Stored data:
--- START ---

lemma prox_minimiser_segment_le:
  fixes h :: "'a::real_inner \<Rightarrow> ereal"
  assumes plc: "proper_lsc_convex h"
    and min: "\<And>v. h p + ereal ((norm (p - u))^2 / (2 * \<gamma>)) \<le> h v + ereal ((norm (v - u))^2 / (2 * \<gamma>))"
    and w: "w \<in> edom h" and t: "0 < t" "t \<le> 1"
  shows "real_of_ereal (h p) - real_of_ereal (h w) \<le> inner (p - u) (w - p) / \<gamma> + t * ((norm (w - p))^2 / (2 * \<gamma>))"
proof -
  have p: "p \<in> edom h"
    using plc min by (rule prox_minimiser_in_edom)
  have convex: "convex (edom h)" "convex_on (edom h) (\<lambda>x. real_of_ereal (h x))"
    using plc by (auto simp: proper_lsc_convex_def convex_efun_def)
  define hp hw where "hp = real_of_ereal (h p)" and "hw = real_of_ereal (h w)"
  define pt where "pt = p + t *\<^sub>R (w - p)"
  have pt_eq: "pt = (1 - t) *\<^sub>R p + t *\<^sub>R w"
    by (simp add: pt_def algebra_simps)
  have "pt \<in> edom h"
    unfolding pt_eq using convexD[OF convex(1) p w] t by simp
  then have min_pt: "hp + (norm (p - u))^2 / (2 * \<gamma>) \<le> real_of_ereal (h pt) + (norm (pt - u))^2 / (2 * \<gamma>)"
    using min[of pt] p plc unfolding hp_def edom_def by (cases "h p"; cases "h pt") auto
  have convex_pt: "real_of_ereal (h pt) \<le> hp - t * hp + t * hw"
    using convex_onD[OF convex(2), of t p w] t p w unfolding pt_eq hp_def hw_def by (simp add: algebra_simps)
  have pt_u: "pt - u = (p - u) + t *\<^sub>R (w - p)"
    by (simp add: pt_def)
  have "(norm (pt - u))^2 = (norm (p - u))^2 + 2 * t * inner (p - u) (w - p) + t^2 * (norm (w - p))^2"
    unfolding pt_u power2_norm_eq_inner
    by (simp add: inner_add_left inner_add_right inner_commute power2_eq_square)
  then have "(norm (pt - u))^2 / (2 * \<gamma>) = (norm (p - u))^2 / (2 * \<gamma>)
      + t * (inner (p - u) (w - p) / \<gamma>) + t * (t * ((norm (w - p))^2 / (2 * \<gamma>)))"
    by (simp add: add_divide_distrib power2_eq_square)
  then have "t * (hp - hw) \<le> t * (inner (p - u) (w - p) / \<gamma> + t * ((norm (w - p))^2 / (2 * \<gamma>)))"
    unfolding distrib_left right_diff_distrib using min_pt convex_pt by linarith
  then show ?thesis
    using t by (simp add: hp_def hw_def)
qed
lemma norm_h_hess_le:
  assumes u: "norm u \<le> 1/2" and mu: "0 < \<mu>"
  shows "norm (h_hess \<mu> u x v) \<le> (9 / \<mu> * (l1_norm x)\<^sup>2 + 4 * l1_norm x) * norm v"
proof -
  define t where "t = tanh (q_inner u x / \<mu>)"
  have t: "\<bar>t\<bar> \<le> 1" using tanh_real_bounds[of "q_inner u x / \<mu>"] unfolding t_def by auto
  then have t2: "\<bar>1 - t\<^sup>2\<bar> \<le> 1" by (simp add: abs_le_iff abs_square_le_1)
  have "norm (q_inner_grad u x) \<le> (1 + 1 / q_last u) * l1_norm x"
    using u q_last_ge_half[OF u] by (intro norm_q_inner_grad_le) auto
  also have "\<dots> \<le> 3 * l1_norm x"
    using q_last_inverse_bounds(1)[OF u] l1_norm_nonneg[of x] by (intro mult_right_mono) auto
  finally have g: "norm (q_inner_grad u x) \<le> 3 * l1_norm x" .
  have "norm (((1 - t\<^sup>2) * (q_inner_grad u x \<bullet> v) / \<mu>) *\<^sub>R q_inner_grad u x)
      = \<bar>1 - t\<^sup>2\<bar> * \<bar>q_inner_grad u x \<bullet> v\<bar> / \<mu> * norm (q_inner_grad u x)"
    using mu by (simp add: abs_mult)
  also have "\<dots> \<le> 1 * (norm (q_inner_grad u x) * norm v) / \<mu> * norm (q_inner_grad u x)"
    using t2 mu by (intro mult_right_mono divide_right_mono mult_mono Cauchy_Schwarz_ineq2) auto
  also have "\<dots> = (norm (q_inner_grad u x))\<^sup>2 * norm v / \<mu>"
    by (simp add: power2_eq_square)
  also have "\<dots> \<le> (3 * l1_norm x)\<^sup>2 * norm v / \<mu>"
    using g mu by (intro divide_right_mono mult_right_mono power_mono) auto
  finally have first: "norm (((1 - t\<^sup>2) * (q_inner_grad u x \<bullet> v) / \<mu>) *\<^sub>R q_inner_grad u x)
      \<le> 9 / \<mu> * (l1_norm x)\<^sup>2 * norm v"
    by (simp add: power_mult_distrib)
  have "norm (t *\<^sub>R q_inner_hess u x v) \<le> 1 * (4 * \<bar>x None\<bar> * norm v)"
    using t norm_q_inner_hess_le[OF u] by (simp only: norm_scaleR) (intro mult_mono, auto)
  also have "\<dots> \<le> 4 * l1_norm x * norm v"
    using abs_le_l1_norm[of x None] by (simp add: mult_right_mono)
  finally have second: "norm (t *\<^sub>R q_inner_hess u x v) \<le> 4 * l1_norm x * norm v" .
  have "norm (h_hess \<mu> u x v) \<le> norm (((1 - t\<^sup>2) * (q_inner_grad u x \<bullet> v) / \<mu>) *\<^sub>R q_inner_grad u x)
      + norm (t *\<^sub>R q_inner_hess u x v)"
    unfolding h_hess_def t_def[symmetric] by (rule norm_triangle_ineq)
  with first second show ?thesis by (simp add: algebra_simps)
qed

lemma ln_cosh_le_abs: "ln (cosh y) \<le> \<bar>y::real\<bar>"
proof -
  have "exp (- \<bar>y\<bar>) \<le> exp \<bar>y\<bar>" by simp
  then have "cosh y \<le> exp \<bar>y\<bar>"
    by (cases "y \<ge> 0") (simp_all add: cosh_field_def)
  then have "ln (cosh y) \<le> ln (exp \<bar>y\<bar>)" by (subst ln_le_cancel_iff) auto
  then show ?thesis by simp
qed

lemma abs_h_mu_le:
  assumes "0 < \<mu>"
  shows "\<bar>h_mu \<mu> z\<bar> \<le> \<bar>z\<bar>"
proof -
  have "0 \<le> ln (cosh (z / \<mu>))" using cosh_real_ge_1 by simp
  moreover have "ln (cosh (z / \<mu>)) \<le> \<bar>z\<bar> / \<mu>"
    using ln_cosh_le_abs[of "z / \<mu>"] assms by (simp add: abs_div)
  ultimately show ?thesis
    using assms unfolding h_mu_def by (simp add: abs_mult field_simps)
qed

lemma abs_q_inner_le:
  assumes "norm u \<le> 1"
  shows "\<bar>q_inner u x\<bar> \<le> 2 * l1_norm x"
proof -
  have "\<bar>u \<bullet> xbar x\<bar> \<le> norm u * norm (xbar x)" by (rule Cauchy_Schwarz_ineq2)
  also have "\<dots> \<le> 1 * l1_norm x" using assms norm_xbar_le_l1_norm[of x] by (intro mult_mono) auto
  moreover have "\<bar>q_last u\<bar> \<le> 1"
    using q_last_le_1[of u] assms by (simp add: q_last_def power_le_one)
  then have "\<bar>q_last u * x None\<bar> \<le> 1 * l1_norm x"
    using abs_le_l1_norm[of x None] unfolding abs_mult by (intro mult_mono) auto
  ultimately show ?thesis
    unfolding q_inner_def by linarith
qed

--- END ---

» Directions
Each line from the beginning of the entries to the line with "using convex_onD[OF convex(2), of" must be repeated exactly, with both end lines kept and no other lines given.

» Solution below
lemma prox_minimiser_segment_le:
  fixes h :: "'a::real_inner \<Rightarrow> ereal"
  assumes plc: "proper_lsc_convex h"
    and min: "\<And>v. h p + ereal ((norm (p - u))^2 / (2 * \<gamma>)) \<le> h v + ereal ((norm (v - u))^2 / (2 * \<gamma>))"
    and w: "w \<in> edom h" and t: "0 < t" "t \<le> 1"
  shows "real_of_ereal (h p) - real_of_ereal (h w) \<le> inner (p - u) (w - p) / \<gamma> + t * ((norm (w - p))^2 / (2 * \<gamma>))"
proof -
  have p: "p \<in> edom h"
    using plc min by (rule prox_minimiser_in_edom)
  have convex: "convex (edom h)" "convex_on (edom h) (\<lambda>x. real_of_ereal (h x))"
    using plc by (auto simp: proper_lsc_convex_def convex_efun_def)
  define hp hw where "hp = real_of_ereal (h p)" and "hw = real_of_ereal (h w)"
  define pt where "pt = p + t *\<^sub>R (w - p)"
  have pt_eq: "pt = (1 - t) *\<^sub>R p + t *\<^sub>R w"
    by (simp add: pt_def algebra_simps)
  have "pt \<in> edom h"
    unfolding pt_eq using convexD[OF convex(1) p w] t by simp
  then have min_pt: "hp + (norm (p - u))^2 / (2 * \<gamma>) \<le> real_of_ereal (h pt) + (norm (pt - u))^2 / (2 * \<gamma>)"
    using min[of pt] p plc unfolding hp_def edom_def by (cases "h p"; cases "h pt") auto
  have convex_pt: "real_of_ereal (h pt) \<le> hp - t * hp + t * hw"
    using convex_onD[OF convex(2), of t p w] t p w unfolding pt_eq hp_def hw_def by (simp add: algebra_simps)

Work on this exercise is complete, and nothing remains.